(* Let $n\ge 2$, $\mathcal{O}\in\mathcal{C}_{sp}^{(n)}$, $\nu\in(0,1]$, and $\mathcal{J}\in\mathbf{J}_{\mathcal{O}}^{\nu}$. Then there is a constant $\mu_{n,\nu}$ depending only on $n$ and $\nu$ such that $\|\mathcal{J}\|_2\le\mu_{n,\nu}$, $0\le\mu_{n,\nu}<1$.
   Context: $\imath=\sqrt{-1}$. For $1\le i<j\le n$ and real $\phi,\alpha$, $R(i,j,\phi,\alpha)$ is the $n\times n$ matrix equal to $I_n$ except for entries $(i,i)=(j,j)=\cos\phi$, $(i,j)=-e^{\imath\alpha}\sin\phi$, $(j,i)=e^{-\imath\alpha}\sin\phi$. Let $N=n(n-1)/2$. For $A=(a_{st})\in\mathbb{C}^{n\times n}$ let $c_t=(a_{1t},\dots,a_{t-1,t})^T$, $r_s=(a_{s1},\dots,a_{s,s-1})$ ($2\le s,t\le n$) and $\mathrm{ve}(A)=[c_2^T,\dots,c_n^T,r_2,\dots,r_n]^T\in\mathbb{C}^{2N}$. Let $\nu_{ij}$ be the linear map on $\mathbb{C}^{n\times n}$ setting entries $(i,j),(j,i)$ to zero. For $U=R(i,j,\phi,\alpha)$ the Jacobi annihilator $\mathcal{R}_{ij}(U)$ is the $2N\times 2N$ matrix with $\mathcal{R}_{ij}(U)\mathrm{ve}(A)=\mathrm{ve}(\nu_{ij}(U^*AU))$ for all $A$. For $\nu\in[0,1]$, $\mathbf{R}_{ij}^{\nu}=\{\mathcal{R}_{ij}(U): U=R(i,j,\phi,\alpha),\ |\cos\phi|\ge\nu\}$. Let $\mathcal{P}_n=\{(r,s):1\le r<s\le n\}$. For an ordering $\mathcal{O}=(i_0,j_0),\dots,(i_{N-1},j_{N-1})$ of $\mathcal{P}_n$ (each pair exactly once), $\mathbf{J}_{\mathcal{O}}^{\nu}=\{\mathcal{R}_{i_{N-1}j_{N-1}}\cdots\mathcal{R}_{i_0j_0}: \mathcal{R}_{i_kj_k}\in\mathbf{R}_{i_kj_k}^{\nu}\}$ is the class of Jacobi operators; $\|\cdot\|_2$ is the spectral norm. Orderings: $\mathcal{C}_c^{(n)}$ is the set of orderings $(1,2),(\tau_3(1),3),(\tau_3(2),3),\dots,(\tau_n(1),n),\dots,(\tau_n(n-1),n)$ with $\tau_j$ a permutation of $\{1,\dots,j-1\}$; $\mathcal{C}_r^{(n)}$ is the set of orderings $(n-1,n),(n-2,\tau_{n-2}(n-1)),(n-2,\tau_{n-2}(n)),\dots,(1,\tau_1(2)),\dots,(1,\tau_1(n))$ with $\tau_i$ a permutation of $\{i+1,\dots,n\}$, $1\le i\le n-2$. The reverse $\mathcal{O}^{\leftarrow}$ of $(i_0,j_0),\dots,(i_r,j_r)$ is $(i_r,j_r),\dots,(i_0,j_0)$. $\overleftarrow{\mathcal{C}}_c^{(n)}$ and $\overleftarrow{\mathcal{C}}_r^{(n)}$ are the sets of orderings whose reverses lie in $\mathcal{C}_c^{(n)}$, resp. $\mathcal{C}_r^{(n)}$, and $\mathcal{C}_{sp}^{(n)}=\mathcal{C}_c^{(n)}\cup\overleftarrow{\mathcal{C}}_c^{(n)}\cup\mathcal{C}_r^{(n)}\cup\overleftarrow{\mathcal{C}}_r^{(n)}$ (serial orderings with permutations). *)

theory Defs
  imports Complex_Main
begin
####################
Problem to solve:
Print all the lines exactly as they occur in the listing.

Result below:
(* Let $n\ge 2$, $\mathcal{O}\in\mathcal{C}_{sp}^{(n)}$, $\nu\in(0,1]$, and $\mathcal{J}\in\mathbf{J}_{\mathcal{O}}^{\nu}$. Then there is a constant $\mu_{n,\nu}$ depending only on $n$ and $\nu$ such that $\|\mathcal{J}\|_2\le\mu_{n,\nu}$, $0\le\mu_{n,\nu}<1$.
   Context: $\imath=\sqrt{-1}$. For $1\le i<j\le n$ and real $\phi,\alpha$, $R(i,j,\phi,\alpha)$ is the $n\times n$ matrix equal to $I_n$ except for entries $(i,i)=(j,j)=\cos\phi$, $(i,j)=-e^{\imath\alpha}\sin\phi$, $(j,i)=e^{-\imath\alpha}\sin\phi$. Let $N=n(n-1)/2$. For $A=(a_{st})\in\mathbb{C}^{n\times n}$ let $c_t=(a_{1t},\dots,a_{t-1,t})^T$, $r_s=(a_{s1},\dots,a_{s,s-1})$ ($2\le s,t\le n$) and $\mathrm{ve}(A)=[c_2^T,\dots,c_n^T,r_2,\dots,r_n]^T\in\mathbb{C}^{2N}$. Let $\nu_{ij}$ be the linear map on $\mathbb{C}^{n\times n}$ setting entries $(i,j),(j,i)$ to zero. For $U=R(i,j,\phi,\alpha)$ the Jacobi annihilator $\mathcal{R}_{ij}(U)$ is the $2N\times 2N$ matrix with $\mathcal{R}_{ij}(U)\mathrm{ve}(A)=\mathrm{ve}(\nu_{ij}(U^*AU))$ for all $A$. For $\nu\in[0,1]$, $\mathbf{R}_{ij}^{\nu}=\{\mathcal{R}_{ij}(U): U=R(i,j,\phi,\alpha),\ |\cos\phi|\ge\nu\}$. Let $\mathcal{P}_n=\{(r,s):1\le r<s\le n\}$. For an ordering $\mathcal{O}=(i_0,j_0),\dots,(i_{N-1},j_{N-1})$ of $\mathcal{P}_n$ (each pair exactly once), $\mathbf{J}_{\mathcal{O}}^{\nu}=\{\mathcal{R}_{i_{N-1}j_{N-1}}\cdots\mathcal{R}_{i_0j_0}: \mathcal{R}_{i_kj_k}\in\mathbf{R}_{i_kj_k}^{\nu}\}$ is the class of Jacobi operators; $\|\cdot\|_2$ is the spectral norm. Orderings: $\mathcal{C}_c^{(n)}$ is the set of orderings $(1,2),(\tau_3(1),3),(\tau_3(2),3),\dots,(\tau_n(1),n),\dots,(\tau_n(n-1),n)$ with $\tau_j$ a permutation of $\{1,\dots,j-1\}$; $\mathcal{C}_r^{(n)}$ is the set of orderings $(n-1,n),(n-2,\tau_{n-2}(n-1)),(n-2,\tau_{n-2}(n)),\dots,(1,\tau_1(2)),\dots,(1,\tau_1(n))$ with $\tau_i$ a permutation of $\{i+1,\dots,n\}$, $1\le i\le n-2$. The reverse $\mathcal{O}^{\leftarrow}$ of $(i_0,j_0),\dots,(i_r,j_r)$ is $(i_r,j_r),\dots,(i_0,j_0)$. $\overleftarrow{\mathcal{C}}_c^{(n)}$ and $\overleftarrow{\mathcal{C}}_r^{(n)}$ are the sets of orderings whose reverses lie in $\mathcal{C}_c^{(n)}$, resp. $\mathcal{C}_r^{(n)}$, and $\mathcal{C}_{sp}^{(n)}=\mathcal{C}_c^{(n)}\cup\overleftarrow{\mathcal{C}}_c^{(n)}\cup\mathcal{C}_r^{(n)}\cup\overleftarrow{\mathcal{C}}_r^{(n)}$ (serial orderings with permutations). *)

theory Defs
  imports Complex_Main
begin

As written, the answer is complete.